EXERCISE GOAL
Once the line containing "using assms(3,5) unfolding" is found in the entries below, restate it and each following line word for word, stopping after the line containing "case (elim p)".

RECORDS

lemma Dist_Phi:
  assumes "u \<in> Beta M s \<eta>" "w \<in> Beta M s \<eta>" "z \<in> Heta \<eta>" "x \<in> space M"
  shows "Dist (Phi M a s u z x) (Phi M a s w z x)
     = (cmod (intop M s (u z) x - intop M s (w z) x))^2 /
       ((Im z + Im (intop M s (u z) x)) * (Im z + Im (intop M s (w z) x)))"
proof -
  have pos: "0 < Im (Phi_denom u z x)" "0 < Im (Phi_denom w z x)"
    using Phi_denom_bounds(1)[OF assms(1,3,4)] Phi_denom_bounds(1)[OF assms(2,3,4)] eta_pos by linarith+
  show ?thesis unfolding Phi_eq Dist_minus_inverse[OF pos] by (simp add: Dist_def Phi_denom_def)
qed

lemma Dist_Phi_le:
  assumes u: "u \<in> Beta M s \<eta>" and w: "w \<in> Beta M s \<eta>" and z: "z \<in> Heta \<eta>" and x: "x \<in> space M"
    and K: "\<And>y. y \<in> space M \<Longrightarrow> Dist (u z y) (w z y) \<le> K"
  shows "Dist (Phi M a s u z x) (Phi M a s w z x) \<le> contr_factor (opnorm M s) \<eta> * K"
proof -
  define A where "A = Im (intop M s (u z) x)"
  define B where "B = Im (intop M s (w z) x)"
  have "0 \<le> K"
    using K not_empty Dist_nonneg Beta_D(3)[OF u z] Beta_D(3)[OF w z] Im_floor_pos
    by (meson ex_in_conv order_less_le_trans order_trans)
  have A: "0 \<le> A" "A \<le> opnorm M s / \<eta>" and B: "0 \<le> B" "B \<le> opnorm M s / \<eta>"
    using Im_intop_bounds[OF u z x] Im_intop_bounds[OF w z x] by (simp_all add: A_def B_def)
  have "(cmod (intop M s (u z) x - intop M s (w z) x))^2 \<le> K * A * B"
    unfolding A_def B_def using K by (intro norm_intop_diff_sq_le Beta_D(1) u w z x)
  moreover have "0 < (Im z + A) * (Im z + B)" using Heta_D(1)[OF z] eta_pos A B by simp
  ultimately have "Dist (Phi M a s u z x) (Phi M a s w z x) \<le> K * A * B / ((Im z + A) * (Im z + B))"
    unfolding Dist_Phi[OF u w z x] A_def[symmetric] B_def[symmetric] by (simp add: divide_right_mono)
  also have "\<dots> = K * (A * B / ((Im z + A) * (Im z + B)))" by simp
  also have "\<dots> \<le> K * contr_factor (opnorm M s) \<eta>"
    using mult_frac_le_contr_factor[OF eta_pos Heta_D(1)[OF z] A B] \<open>0 \<le> K\<close> by (rule mult_left_mono)
  finally show ?thesis by (simp add: mult.commute)
qed

definition Dist_sup :: "(complex \<Rightarrow> 'a \<Rightarrow> complex) \<Rightarrow> (complex \<Rightarrow> 'a \<Rightarrow> complex) \<Rightarrow> real" where
  "Dist_sup u w = (SUP z\<in>Heta \<eta>. SUP x\<in>space M. Dist (u z x) (w z x))"

lemma Dist_bounded_on_Beta:
  assumes u: "u \<in> Beta M s \<eta>" and w: "w \<in> Beta M s \<eta>" and z: "z \<in> Heta \<eta>" and x: "x \<in> space M"
  shows "Dist (u z x) (w z x) \<le> (2 / \<eta>)^2 / Im_floor^2"
proof -
  have "cmod (u z x - w z x) \<le> 2 / \<eta>"
    using norm_triangle_ineq4[of "u z x" "w z x"] Beta_D(4)[OF u z x] Beta_D(4)[OF w z x] by simp
  moreover have "Im_floor * Im_floor \<le> Im (u z x) * Im (w z x)"
    using Beta_D(3)[OF u z x] Beta_D(3)[OF w z x] Im_floor_pos by (intro mult_mono) auto
  ultimately show ?thesis unfolding Dist_def
    using Im_floor_pos by (intro frac_le power_mono) (auto simp: power2_eq_square)
qed

lemma Dist_le_Dist_sup:
  assumes "u \<in> Beta M s \<eta>" "w \<in> Beta M s \<eta>" "z \<in> Heta \<eta>" "x \<in> space M"
  shows "Dist (u z x) (w z x) \<le> Dist_sup u w"
  unfolding Dist_sup_def using assms Dist_bounded_on_Beta[OF assms(1,2)] by (intro cSUP2_upper)

lemma Dist_sup_nonneg:
  assumes "u \<in> Beta M s \<eta>" "w \<in> Beta M s \<eta>"
  shows "0 \<le> Dist_sup u w"
proof -
  obtain x where x: "x \<in> space M" using not_empty by blast
  have "0 < Im (u z x)" "0 < Im (w z x)" if "z \<in> Heta \<eta>" for z
    using Beta_D(3)[OF assms(1) that x] Beta_D(3)[OF assms(2) that x] Im_floor_pos by linarith+
  thus ?thesis
    using Dist_nonneg Dist_le_Dist_sup[OF assms i_eta_in_Heta x] i_eta_in_Heta by (meson order_trans)
qed

lemma Dist_sup_Phi_le:
  assumes u: "u \<in> Beta M s \<eta>" and w: "w \<in> Beta M s \<eta>"
  shows "Dist_sup (Phi M a s u) (Phi M a s w) \<le> contr_factor (opnorm M s) \<eta> * Dist_sup u w"
  unfolding Dist_sup_def[of "Phi M a s u"] using i_eta_in_Heta not_empty
  by (intro cSUP2_least Dist_Phi_le[OF u w] Dist_le_Dist_sup[OF u w]) auto

lemma Phi_cong:
  "(\<And>y. y \<in> space M \<Longrightarrow> u z y = w z y) \<Longrightarrow> Phi M a s u z = Phi M a s w z"
  unfolding Phi_def using intop_cong[of "u z" "w z"] by simp

lemma fixed_point_unique:
  assumes v: "v \<in> Beta M s \<eta>" "\<And>z. z \<in> Heta \<eta> \<Longrightarrow> v z = Phi M a s v z"
    and w: "w \<in> Beta M s \<eta>" "\<And>z. z \<in> Heta \<eta> \<Longrightarrow> w z = Phi M a s w z"
    and z: "z \<in> Heta \<eta>"
  shows "v z = w z"
proof -
  have "Dist_sup v w = Dist_sup (Phi M a s v) (Phi M a s w)"
    unfolding Dist_sup_def using v(2) w(2) by (intro SUP_cong) auto
  also have "\<dots> \<le> contr_factor (opnorm M s) \<eta> * Dist_sup v w" by (rule Dist_sup_Phi_le[OF v(1) w(1)])
  finally have "Dist_sup v w \<le> 0"
    using contr_factor_lt_1[OF opnorm_nonneg eta_pos] Dist_sup_nonneg[OF v(1) w(1)]
    by (simp add: mult_le_cancel_right1)
  have "v z y = w z y" if y: "y \<in> space M" for y
  proof -
    have "Dist (v z y) (w z y) \<le> 0" using Dist_le_Dist_sup[OF v(1) w(1) z y] \<open>Dist_sup v w \<le> 0\<close> by simp
    moreover have "0 < Im (v z y)" "0 < Im (w z y)"
      using Beta_D(3)[OF v(1) z y] Beta_D(3)[OF w(1) z y] Im_floor_pos by linarith+
    ultimately show ?thesis
      by (simp add: Dist_def divide_le_0_iff) (meson mult_pos_pos not_le)
  qed
  hence "Phi M a s v z = Phi M a s w z" by (rule Phi_cong)
  thus ?thesis using v(2)[OF z] w(2)[OF z] by simp
qed

definition picard :: "nat \<Rightarrow> complex \<Rightarrow> 'a \<Rightarrow> complex" where
  "picard n = (Phi M a s ^^ n) (\<lambda>_ _. \<i> * complex_of_real \<eta>)"
lemma norm_steiner_point_diff_le:
  fixes A B :: "'b::euclidean_space set"
  assumes "compact A" "compact B" "A \<noteq> {}" "B \<noteq> {}" "hausdorff_close A B \<delta>"
  shows "norm (steiner_point A - steiner_point B) \<le> real DIM('b) * \<delta>"
proof -
  interpret prob_space "sphere_measure :: 'b measure" by (rule prob_space_sphere_measure)
  have "0 \<le> \<delta>"
    using assms(3,5) unfolding hausdorff_close_def by (meson ex_in_conv order_trans zero_le_dist)
  have "norm (\<integral>p. supp_fun A p *\<^sub>R p - supp_fun B p *\<^sub>R p \<partial>sphere_measure)
      \<le> (\<integral>p. norm (supp_fun A p *\<^sub>R p - supp_fun B p *\<^sub>R p) \<partial>sphere_measure)"
    by (rule integral_norm_bound)
  also have "\<dots> \<le> (\<integral>p. \<delta> \<partial>(sphere_measure :: 'b measure))"
  proof (rule Bochner_Integration.integral_mono_AE)
    show "AE p in sphere_measure. norm (supp_fun A p *\<^sub>R p - supp_fun B p *\<^sub>R p) \<le> \<delta>"
      using AE_sphere_measure_norm_le_1
    proof eventually_elim
      case (elim p)
      have "norm (supp_fun A p *\<^sub>R p - supp_fun B p *\<^sub>R p) = \<bar>supp_fun A p - supp_fun B p\<bar> * norm p"
        by (simp flip: scaleR_diff_left)
      also have "\<dots> \<le> \<delta> * norm p * norm p"
        by (intro mult_right_mono abs_supp_fun_diff_le assms) simp
      also have "\<dots> \<le> \<delta>"
        using elim \<open>0 \<le> \<delta>\<close> by (simp add: mult_le_one mult.assoc mult_left_le)
      finally show ?case .
    qed
  qed (auto intro!: integrable_steiner_integrand assms)
  finally show ?thesis
    using assms unfolding steiner_point_def
    by (simp add: integral_diff integrable_steiner_integrand prob_space flip: scaleR_diff_right)
qed

lemma eventually_hausdorff_close:
  fixes S :: "nat \<Rightarrow> 'b::metric_space set"
  assumes "compact S0"
    and approx: "\<And>z e. z \<in> S0 \<Longrightarrow> 0 < e \<Longrightarrow> eventually (\<lambda>k. \<exists>y\<in>S k. dist y z < e) sequentially"
    and cluster: "\<And>(r :: nat \<Rightarrow> nat) y. strict_mono r \<Longrightarrow> (\<And>k. y k \<in> S (r k)) \<Longrightarrow>
      \<exists>q y0. strict_mono q \<and> (y \<circ> q) \<longlonglongrightarrow> y0 \<and> y0 \<in> S0"
    and "0 < e"
  shows "eventually (\<lambda>k. hausdorff_close (S k) S0 e) sequentially"
proof -
  have "eventually (\<lambda>k. \<forall>y\<in>S k. \<exists>z\<in>S0. dist y z \<le> e) sequentially"
  proof (rule ccontr)
    assume contra: "\<not> ?thesis"
    obtain r :: "nat \<Rightarrow> nat" where r: "strict_mono r" "\<forall>k. \<not> (\<forall>y\<in>S (r k). \<exists>z\<in>S0. dist y z \<le> e)"
      using not_eventually_sequentiallyD[OF contra] by blast
    then obtain y where y: "\<And>k. y k \<in> S (r k)" "\<And>k z. z \<in> S0 \<Longrightarrow> e < dist (y k) z"
      by (metis not_le)
    obtain q y0 where q: "(y \<circ> q) \<longlonglongrightarrow> y0" "y0 \<in> S0"
      using cluster[OF r(1) y(1)] by blast
    obtain k where "dist (y (q k)) y0 < e"
      using eventually_happens'[OF _ tendstoD[OF q(1) \<open>0 < e\<close>]] by auto
    with y(2)[OF q(2), of "q k"] show False by simp
  qed
  moreover have "eventually (\<lambda>k. \<forall>z\<in>S0. \<exists>y\<in>S k. dist y z \<le> e) sequentially"
  proof -
    obtain N where N: "finite N" "N \<subseteq> S0" "S0 \<subseteq> (\<Union>x\<in>N. ball x (e/2))"
      using seq_compact_imp_totally_bounded[OF compact_imp_seq_compact[OF \<open>compact S0\<close>]] \<open>0 < e\<close>
      by (meson half_gt_zero)
    have "eventually (\<lambda>k. \<forall>x\<in>N. \<exists>y\<in>S k. dist y x < e/2) sequentially"
      using N(1,2) \<open>0 < e\<close> by (intro eventually_ball_finite ballI approx) auto
    then show ?thesis
    proof eventually_elim
      case (elim k)
      show ?case
      proof
        fix z assume "z \<in> S0"
        then obtain x where "x \<in> N" "dist x z < e/2" using N(3) by auto
        moreover obtain y where "y \<in> S k" "dist y x < e/2" using elim \<open>x \<in> N\<close> by blast
        ultimately show "\<exists>y\<in>S k. dist y z \<le> e"
          using dist_triangle[of y z x] by (intro bexI[of _ y]) auto
      qed
    qed
  qed
  ultimately show ?thesis
    by eventually_elim (simp add: hausdorff_close_def)
qed

lemma steiner_point_tendsto:
  fixes S :: "nat \<Rightarrow> 'b::euclidean_space set"
  assumes "\<And>k. compact (S k)" "\<And>k. S k \<noteq> {}" "compact S0" "S0 \<noteq> {}"
    and "\<And>e. 0 < e \<Longrightarrow> eventually (\<lambda>k. hausdorff_close (S k) S0 e) sequentially"
  shows "(\<lambda>k. steiner_point (S k)) \<longlonglongrightarrow> steiner_point S0"
proof (rule tendstoI)
  fix e :: real assume "0 < e"
  then have e': "0 < e / (2 * real DIM('b))" by simp
  show "eventually (\<lambda>k. dist (steiner_point (S k)) (steiner_point S0) < e) sequentially"
    using assms(5)[OF e']
  proof eventually_elim
    case (elim k)
    then have "dist (steiner_point (S k)) (steiner_point S0) \<le> real DIM('b) * (e / (2 * real DIM('b)))"
      unfolding dist_norm by (intro norm_steiner_point_diff_le assms)
    then show ?case
      using \<open>0 < e\<close> by simp
  qed
qed

section \<open>The epigraph of the conjugate\<close>

definition epi_conj :: "('a::euclidean_space \<Rightarrow> real) \<Rightarrow> ('a \<times> real) set" where
  "epi_conj g = {(v, \<eta>). \<forall>p. inner v p - g p \<le> \<eta>}"

definition Phi :: "('a::euclidean_space \<Rightarrow> real) \<Rightarrow> 'a \<times> real \<Rightarrow> ('a \<times> real) set" where
  "Phi g a = epi_conj g \<inter> cball a (2 * infdist a (epi_conj g))"

lemma epiConj_eq_epi_conj: "epiConj H t x = epi_conj (H t x)"
  unfolding epiConj_def epi_conj_def conjH_def by (auto simp: SUP_le_iff)

lemma steiner_e_eq_steiner_point_Phi: "steiner_e H t x a = steiner_point (Phi (H t x) a)"
  unfolding steiner_e_def PhiS_def Phi_def epiConj_eq_epi_conj ..

lemma epi_conj_eq_Inter_halfspaces: "epi_conj g = (\<Inter>p. {w. inner (p, -1) w \<le> g p})"
  unfolding epi_conj_def by (auto simp: inner_commute) (smt (verit))+

lemma closed_epi_conj: "closed (epi_conj g)"
  unfolding epi_conj_eq_Inter_halfspaces by (intro closed_INT ballI closed_halfspace_le)

lemma convex_epi_conj: "convex (epi_conj g)"
  unfolding epi_conj_eq_Inter_halfspaces by (intro convex_INT ballI convex_halfspace_le)

lemma convex_on_add_affine:
  fixes g :: "'a::real_inner \<Rightarrow> real"
  assumes "convex_on S g"
  shows "convex_on S (\<lambda>p. g p + inner c p + d)"
proof (rule convex_onI)
  fix t :: real and x y assume "0 < t" "t < 1" "x \<in> S" "y \<in> S"
  then have "g ((1 - t) *\<^sub>R x + t *\<^sub>R y) \<le> (1 - t) * g x + t * g y"
    using convex_onD[OF assms] by simp
  then show "g ((1 - t) *\<^sub>R x + t *\<^sub>R y) + inner c ((1 - t) *\<^sub>R x + t *\<^sub>R y) + d
      \<le> (1 - t) * (g x + inner c x + d) + t * (g y + inner c y + d)"
    by (simp add: algebra_simps)
qed (rule convex_on_imp_convex[OF assms])
(* For $\alpha\ge1$ and $y>0$ let $G_\alpha(y)=\sum_{k\in\mathbb{Z}}e^{-\pi\alpha k^2/y}\cos\big(2\pi k(\tfrac12-\tfrac1{8y^2})\big)$. Then $$\max_{y\ge\frac{\sqrt3}2+\frac1{4\sqrt\alpha}}G_\alpha(y)=G_\alpha\Big(\tfrac{\sqrt3}2+\tfrac1{4\sqrt\alpha}\Big)\le G_\alpha\Big(\tfrac{\sqrt3}2\Big)-\tfrac{2\sqrt\alpha}{3}e^{-\frac{2\pi\alpha}{\sqrt3}}.$$ *)

theory Defs
  imports "HOL-Analysis.Analysis"
begin

definition G :: "real \<Rightarrow> real \<Rightarrow> real" where
  "G \<alpha> y = (\<Sum>\<^sub>\<infinity>k::int. exp (- pi * \<alpha> * (of_int k)\<^sup>2 / y) *
                 cos (2 * pi * of_int k * (1/2 - 1 / (8 * y\<^sup>2))))"

end

theory Submission
  imports Defs
begin

text \<open>Pairing k with -k and using cos (pi k - x) = (-1)^k cos x, one gets
  G alpha y = 1 + 2 sum_{n >= 1} (-1)^n exp(-c n^2) cos(n t) with c = pi alpha / y and
  t = pi / (4 y^2).  For c not too small the sum is governed by its first term
  -exp(-c) cos t, the rest being at most exp(-4c) / (1 - exp(-5c)).  Let
  y0 = sqrt 3 / 2 + 1 / (4 sqrt alpha).  On [y0, 3/2] the growth of exp(-c) in y beats the
  variation of all further terms, so G decreases there.  For y >= 3/2 and c >= 1/4 the first
  term alone keeps G(y) below G(y0); for c <= 1/4 the sum is within O(t^2/c^2) of the
  alternating Gaussian sum, which is at most 1 - exp(-c n0^2) for an odd n0 beyond the
  inflection point of the Gaussian, by convexity.  The second inequality compares the first
  terms at y0 and at sqrt 3 / 2, where cos t = 1/2, using
  exp(-pi alpha / y0) >= exp(-2 pi alpha / sqrt 3) (1 + 4 sqrt alpha / 5).\<close>

section \<open>The lattice sum as an alternating theta series\<close>

lemma has_sum_UNIV_int_even:
  fixes f :: "int \<Rightarrow> real"
  assumes even: "\<And>k. f (-k) = f k"
    and summable: "summable (\<lambda>n. \<bar>f (int (Suc n))\<bar>)"
  shows "(f has_sum (f 0 + 2 * (\<Sum>n. f (int (Suc n))))) UNIV"
proof -
  define S where "S = (\<Sum>n. f (int (Suc n)))"
  have "summable (\<lambda>n. f (int (Suc n)))" by (rule summable_rabs_cancel[OF summable])
  then have half: "((\<lambda>n. f (int (Suc n))) has_sum S) UNIV"
    unfolding S_def
    by (intro norm_summable_imp_has_sum[OF _ summable_sums]) (simp_all only: real_norm_def summable)
  have bij_pos: "bij_betw (\<lambda>n. int (Suc n)) UNIV {k. k > 0}"
    by (rule bij_betw_byWitness[where f'="\<lambda>k. nat k - 1"]) auto
  have pos: "(f has_sum S) {k. k > 0}"
    by (subst has_sum_reindex_bij_betw[OF bij_pos, symmetric]) (rule half)
  have bij_neg: "bij_betw (\<lambda>n. - int (Suc n)) UNIV {k. k < 0}"
    by (rule bij_betw_byWitness[where f'="\<lambda>k. nat (-k) - 1"]) auto
  have neg: "(f has_sum S) {k. k < 0}"
    by (subst has_sum_reindex_bij_betw[OF bij_neg, symmetric]) (unfold even, rule half)
  have "(f has_sum (S + S)) ({k. k > 0} \<union> {k. k < 0})"
    by (rule has_sum_Un_disjoint[OF pos neg]) auto
  then have "(f has_sum (f 0 + (S + S))) (insert 0 ({k. k > 0} \<union> {k. k < 0}))"
    by (intro has_sum_insert) auto
  moreover have "insert 0 ({k::int. k > 0} \<union> {k. k < 0}) = UNIV" by auto
  moreover have "f 0 + (S + S) = f 0 + 2 * S" by simp
  ultimately show ?thesis unfolding S_def by metis
qed
lemma monic_poly_with_root_nonconstant:
  fixes x :: complex
  assumes "lead_coeff p = 1" "poly (map_poly of_int p) x = 0"
  shows "degree p > 0"
proof (rule ccontr)
  assume "\<not> degree p > 0"
  hence "p = [:1:]" using assms(1) by (metis degree_0_id lead_coeff_pCons(1) neq0_conv pCons_0_0 zero_neq_one)
  thus False using assms(2) by simp
qed

text \<open>The integral combinations of the monomials \<open>x\<^sup>i y\<^sup>j\<close> below the degrees of monic equations
  for \<open>x\<close> and \<open>y\<close> form a finitely generated module that is stable under \<open>x + y\<close> and \<open>x y\<close>.\<close>
lemma algebraic_int_times_plus:
  fixes x y :: complex
  assumes "algebraic_int x" "algebraic_int y"
  shows "algebraic_int (x * y) \<and> algebraic_int (x + y)"
proof -
  obtain p where p: "lead_coeff p = 1" "poly (map_poly of_int p) x = 0"
    using assms(1) unfolding algebraic_int_altdef_ipoly by auto
  obtain q where q: "lead_coeff q = 1" "poly (map_poly of_int q) y = 0"
    using assms(2) unfolding algebraic_int_altdef_ipoly by auto
  define I where "I = {..<degree p} \<times> {..<degree q}"
  define v where "v = (\<lambda>(i, j). x ^ i * y ^ j)"
  have I: "finite I" "(0, 0) \<in> I" "v (0, 0) \<noteq> 0"
    using monic_poly_with_root_nonconstant[OF p] monic_poly_with_root_nonconstant[OF q]
    by (auto simp: I_def v_def)
  have monomial: "x ^ i * y ^ j \<in> int_span v I" if "i \<le> degree p" "j \<le> degree q" for i j
    unfolding v_def I_def
    using int_span_mult[of "x ^ i" "power x" _ "y ^ j" "power y",
        OF power_in_int_span_of_monic_root[OF p that(1)] power_in_int_span_of_monic_root[OF q that(2)]]
    by simp
  have x_stable: "x * v ij \<in> int_span v I" and y_stable: "y * v ij \<in> int_span v I"
    if "ij \<in> I" for ij
    using that monomial[of "fst ij + 1" "snd ij"] monomial[of "fst ij" "snd ij + 1"]
    by (auto simp: I_def v_def mult_ac)
  have "x * y * v ij \<in> int_span v I" if "ij \<in> I" for ij
    using int_span_mult_stable[of I x v, OF x_stable y_stable[OF that]] by (simp add: mult.assoc)
  moreover have "(x + y) * v ij \<in> int_span v I" if "ij \<in> I" for ij
    using int_span_add[OF x_stable[OF that] y_stable[OF that]] by (simp add: distrib_right)
  ultimately show ?thesis using algebraic_int_if_int_span_stable[of I "(0, 0)" v, OF I] by blast
qed
lemma matrix_mul_diag_both_entry:
  fixes A B C :: "'a::semiring_1^'n^'n"
  assumes "diag_mat B" "diag_mat C"
  shows "(B ** A ** C) $ a $ b = B $ a $ a * A $ a $ b * C $ b $ b"
  by (simp add: matrix_mul_diag_right[OF assms(2)] matrix_mul_diag_left[OF assms(1)])

lemma commute_regular_diag_imp_diag:
  fixes D P :: "'a::idom^'n^'n"
  assumes "diag_mat D" "inj (\<lambda>a. D $ a $ a)" "P ** D = D ** P"
  shows "diag_mat P"
  unfolding diag_mat_def
proof (intro allI impI)
  fix a b :: 'n
  assume "a \<noteq> b"
  have "P $ a $ b * D $ b $ b = D $ a $ a * P $ a $ b"
    using arg_cong[OF assms(3), of "\<lambda>M. M $ a $ b"]
    by (simp add: matrix_mul_diag_right[OF assms(1)] matrix_mul_diag_left[OF assms(1)])
  then have "P $ a $ b * (D $ b $ b - D $ a $ a) = 0"
    by (simp add: algebra_simps)
  moreover have "D $ b $ b \<noteq> D $ a $ a"
    using assms(2) \<open>a \<noteq> b\<close> by (auto dest: injD)
  ultimately show "P $ a $ b = 0"
    by simp
qed

lemma matrix_inv_invertible:
  fixes A :: "'a::semiring_1^'n^'n"
  assumes "invertible A"
  shows "A ** matrix_inv A = mat 1" "matrix_inv A ** A = mat 1"
proof -
  have "A ** matrix_inv A = mat 1 \<and> matrix_inv A ** A = mat 1"
    using assms unfolding invertible_def matrix_inv_def by (rule someI_ex)
  then show "A ** matrix_inv A = mat 1" "matrix_inv A ** A = mat 1"
    by simp_all
qed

RESPONSE AREA
    using assms(3,5) unfolding hausdorff_close_def by (meson ex_in_conv order_trans zero_le_dist)
  have "norm (\<integral>p. supp_fun A p *\<^sub>R p - supp_fun B p *\<^sub>R p \<partial>sphere_measure)
      \<le> (\<integral>p. norm (supp_fun A p *\<^sub>R p - supp_fun B p *\<^sub>R p) \<partial>sphere_measure)"
    by (rule integral_norm_bound)
  also have "\<dots> \<le> (\<integral>p. \<delta> \<partial>(sphere_measure :: 'b measure))"
  proof (rule Bochner_Integration.integral_mono_AE)
    show "AE p in sphere_measure. norm (supp_fun A p *\<^sub>R p - supp_fun B p *\<^sub>R p) \<le> \<delta>"
      using AE_sphere_measure_norm_le_1
    proof eventually_elim
      case (elim p)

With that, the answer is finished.